*PROBLEM STATEMENT:*
Tally every line in the entries below that holds "thesis", then give only the total.

[Opening MATERIAL PROVIDED section]

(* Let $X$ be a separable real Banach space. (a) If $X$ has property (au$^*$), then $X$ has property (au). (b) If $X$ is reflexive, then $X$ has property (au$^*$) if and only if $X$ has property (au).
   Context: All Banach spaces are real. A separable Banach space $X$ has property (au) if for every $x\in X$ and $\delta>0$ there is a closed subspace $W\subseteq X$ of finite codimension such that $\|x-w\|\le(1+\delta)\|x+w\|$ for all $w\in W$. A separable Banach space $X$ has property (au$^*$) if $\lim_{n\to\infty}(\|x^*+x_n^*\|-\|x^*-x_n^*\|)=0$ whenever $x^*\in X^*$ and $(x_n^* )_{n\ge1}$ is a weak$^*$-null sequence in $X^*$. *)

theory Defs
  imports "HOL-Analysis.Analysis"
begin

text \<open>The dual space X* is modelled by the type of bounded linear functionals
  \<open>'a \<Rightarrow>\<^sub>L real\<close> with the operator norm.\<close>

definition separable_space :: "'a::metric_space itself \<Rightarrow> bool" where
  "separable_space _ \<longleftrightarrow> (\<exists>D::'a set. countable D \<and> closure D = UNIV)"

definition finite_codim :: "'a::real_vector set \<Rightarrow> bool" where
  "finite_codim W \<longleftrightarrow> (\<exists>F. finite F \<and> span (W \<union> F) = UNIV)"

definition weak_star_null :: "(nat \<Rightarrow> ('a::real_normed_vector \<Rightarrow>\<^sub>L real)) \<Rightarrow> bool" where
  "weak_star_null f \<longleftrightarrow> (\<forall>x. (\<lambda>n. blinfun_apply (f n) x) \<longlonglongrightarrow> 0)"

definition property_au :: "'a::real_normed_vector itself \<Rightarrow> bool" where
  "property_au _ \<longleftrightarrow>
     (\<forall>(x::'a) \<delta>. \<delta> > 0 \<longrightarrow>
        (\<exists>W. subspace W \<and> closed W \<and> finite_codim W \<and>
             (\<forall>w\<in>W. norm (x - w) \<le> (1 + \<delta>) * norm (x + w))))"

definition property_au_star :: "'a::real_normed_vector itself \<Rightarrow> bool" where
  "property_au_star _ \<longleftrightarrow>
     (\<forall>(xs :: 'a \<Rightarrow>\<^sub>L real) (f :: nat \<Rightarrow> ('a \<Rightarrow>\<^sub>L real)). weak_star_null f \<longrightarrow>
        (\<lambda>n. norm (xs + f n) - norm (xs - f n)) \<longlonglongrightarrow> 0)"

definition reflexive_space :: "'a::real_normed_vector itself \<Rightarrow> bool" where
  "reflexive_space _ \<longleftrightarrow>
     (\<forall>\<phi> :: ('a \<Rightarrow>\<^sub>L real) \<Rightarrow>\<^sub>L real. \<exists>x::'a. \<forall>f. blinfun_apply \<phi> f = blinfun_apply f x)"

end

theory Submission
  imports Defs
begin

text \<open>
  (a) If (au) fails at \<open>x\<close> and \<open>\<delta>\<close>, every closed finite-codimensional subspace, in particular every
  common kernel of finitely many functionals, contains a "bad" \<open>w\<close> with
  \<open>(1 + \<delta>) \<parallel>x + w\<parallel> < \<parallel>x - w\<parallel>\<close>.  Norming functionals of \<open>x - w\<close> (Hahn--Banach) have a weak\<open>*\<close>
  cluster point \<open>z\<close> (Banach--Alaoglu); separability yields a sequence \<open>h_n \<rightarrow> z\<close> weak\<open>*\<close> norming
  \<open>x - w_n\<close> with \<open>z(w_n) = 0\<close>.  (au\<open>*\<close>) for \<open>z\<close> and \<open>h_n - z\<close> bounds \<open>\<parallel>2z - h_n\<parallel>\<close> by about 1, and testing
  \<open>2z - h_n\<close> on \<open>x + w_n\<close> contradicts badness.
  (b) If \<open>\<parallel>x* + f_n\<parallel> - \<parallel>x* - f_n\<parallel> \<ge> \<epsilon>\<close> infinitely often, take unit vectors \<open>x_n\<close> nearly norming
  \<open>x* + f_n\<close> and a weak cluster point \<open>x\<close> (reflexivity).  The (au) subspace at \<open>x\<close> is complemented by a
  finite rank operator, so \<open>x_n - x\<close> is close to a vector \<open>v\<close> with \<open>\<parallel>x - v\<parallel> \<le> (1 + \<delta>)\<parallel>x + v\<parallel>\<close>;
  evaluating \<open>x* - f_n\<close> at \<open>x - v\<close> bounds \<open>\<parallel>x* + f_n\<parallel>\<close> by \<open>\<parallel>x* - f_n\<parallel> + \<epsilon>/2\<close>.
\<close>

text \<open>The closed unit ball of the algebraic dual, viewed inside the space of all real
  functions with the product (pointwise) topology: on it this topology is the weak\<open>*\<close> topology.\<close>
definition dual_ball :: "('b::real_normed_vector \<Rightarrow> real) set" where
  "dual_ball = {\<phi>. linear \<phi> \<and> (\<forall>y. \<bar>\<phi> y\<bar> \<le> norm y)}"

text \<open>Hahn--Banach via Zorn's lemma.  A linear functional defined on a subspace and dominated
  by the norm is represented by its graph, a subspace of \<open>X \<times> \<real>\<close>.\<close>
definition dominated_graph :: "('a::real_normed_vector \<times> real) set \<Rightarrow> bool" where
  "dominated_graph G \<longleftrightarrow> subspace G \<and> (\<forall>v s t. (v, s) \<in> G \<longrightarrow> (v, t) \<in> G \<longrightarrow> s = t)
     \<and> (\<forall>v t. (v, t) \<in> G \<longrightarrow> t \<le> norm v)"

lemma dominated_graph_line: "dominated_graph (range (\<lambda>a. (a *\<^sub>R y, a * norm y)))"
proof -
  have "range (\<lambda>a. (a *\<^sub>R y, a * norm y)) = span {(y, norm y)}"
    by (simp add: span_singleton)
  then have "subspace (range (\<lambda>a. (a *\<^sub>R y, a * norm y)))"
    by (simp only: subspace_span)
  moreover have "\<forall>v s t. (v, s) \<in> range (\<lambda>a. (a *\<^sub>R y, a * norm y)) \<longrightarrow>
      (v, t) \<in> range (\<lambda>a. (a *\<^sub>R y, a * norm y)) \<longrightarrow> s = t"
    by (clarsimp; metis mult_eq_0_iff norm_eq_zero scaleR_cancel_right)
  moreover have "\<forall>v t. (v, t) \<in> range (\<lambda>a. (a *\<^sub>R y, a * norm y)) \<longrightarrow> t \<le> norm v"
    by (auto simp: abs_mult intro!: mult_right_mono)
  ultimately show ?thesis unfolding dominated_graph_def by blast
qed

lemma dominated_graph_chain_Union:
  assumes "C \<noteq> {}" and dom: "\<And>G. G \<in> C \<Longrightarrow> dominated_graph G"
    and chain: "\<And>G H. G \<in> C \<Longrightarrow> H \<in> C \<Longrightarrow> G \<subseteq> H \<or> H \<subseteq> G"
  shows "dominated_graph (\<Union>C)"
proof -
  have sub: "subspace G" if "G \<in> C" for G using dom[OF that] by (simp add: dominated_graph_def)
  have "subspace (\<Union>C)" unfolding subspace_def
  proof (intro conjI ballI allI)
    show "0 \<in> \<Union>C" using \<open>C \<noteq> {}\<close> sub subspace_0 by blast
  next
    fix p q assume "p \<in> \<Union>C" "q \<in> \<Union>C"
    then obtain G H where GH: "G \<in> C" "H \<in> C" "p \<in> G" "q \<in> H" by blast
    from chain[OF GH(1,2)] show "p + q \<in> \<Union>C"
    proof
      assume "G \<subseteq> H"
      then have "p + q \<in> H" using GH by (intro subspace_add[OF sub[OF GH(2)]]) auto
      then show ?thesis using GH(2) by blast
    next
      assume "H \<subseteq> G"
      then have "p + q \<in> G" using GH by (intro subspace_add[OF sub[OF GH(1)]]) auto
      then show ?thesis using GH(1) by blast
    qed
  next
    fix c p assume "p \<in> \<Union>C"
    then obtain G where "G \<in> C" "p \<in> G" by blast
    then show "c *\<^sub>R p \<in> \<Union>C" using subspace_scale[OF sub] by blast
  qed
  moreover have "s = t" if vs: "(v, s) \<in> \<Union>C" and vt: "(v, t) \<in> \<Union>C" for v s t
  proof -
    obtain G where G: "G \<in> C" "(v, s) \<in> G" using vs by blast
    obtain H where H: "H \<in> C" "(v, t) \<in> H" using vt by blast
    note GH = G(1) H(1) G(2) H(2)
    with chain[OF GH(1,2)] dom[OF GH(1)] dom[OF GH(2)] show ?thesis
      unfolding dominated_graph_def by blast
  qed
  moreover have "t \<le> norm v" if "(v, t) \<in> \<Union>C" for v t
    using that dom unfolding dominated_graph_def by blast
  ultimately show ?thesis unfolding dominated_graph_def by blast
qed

[Closing MATERIAL PROVIDED section]

*SOLVED EXERCISE:*
5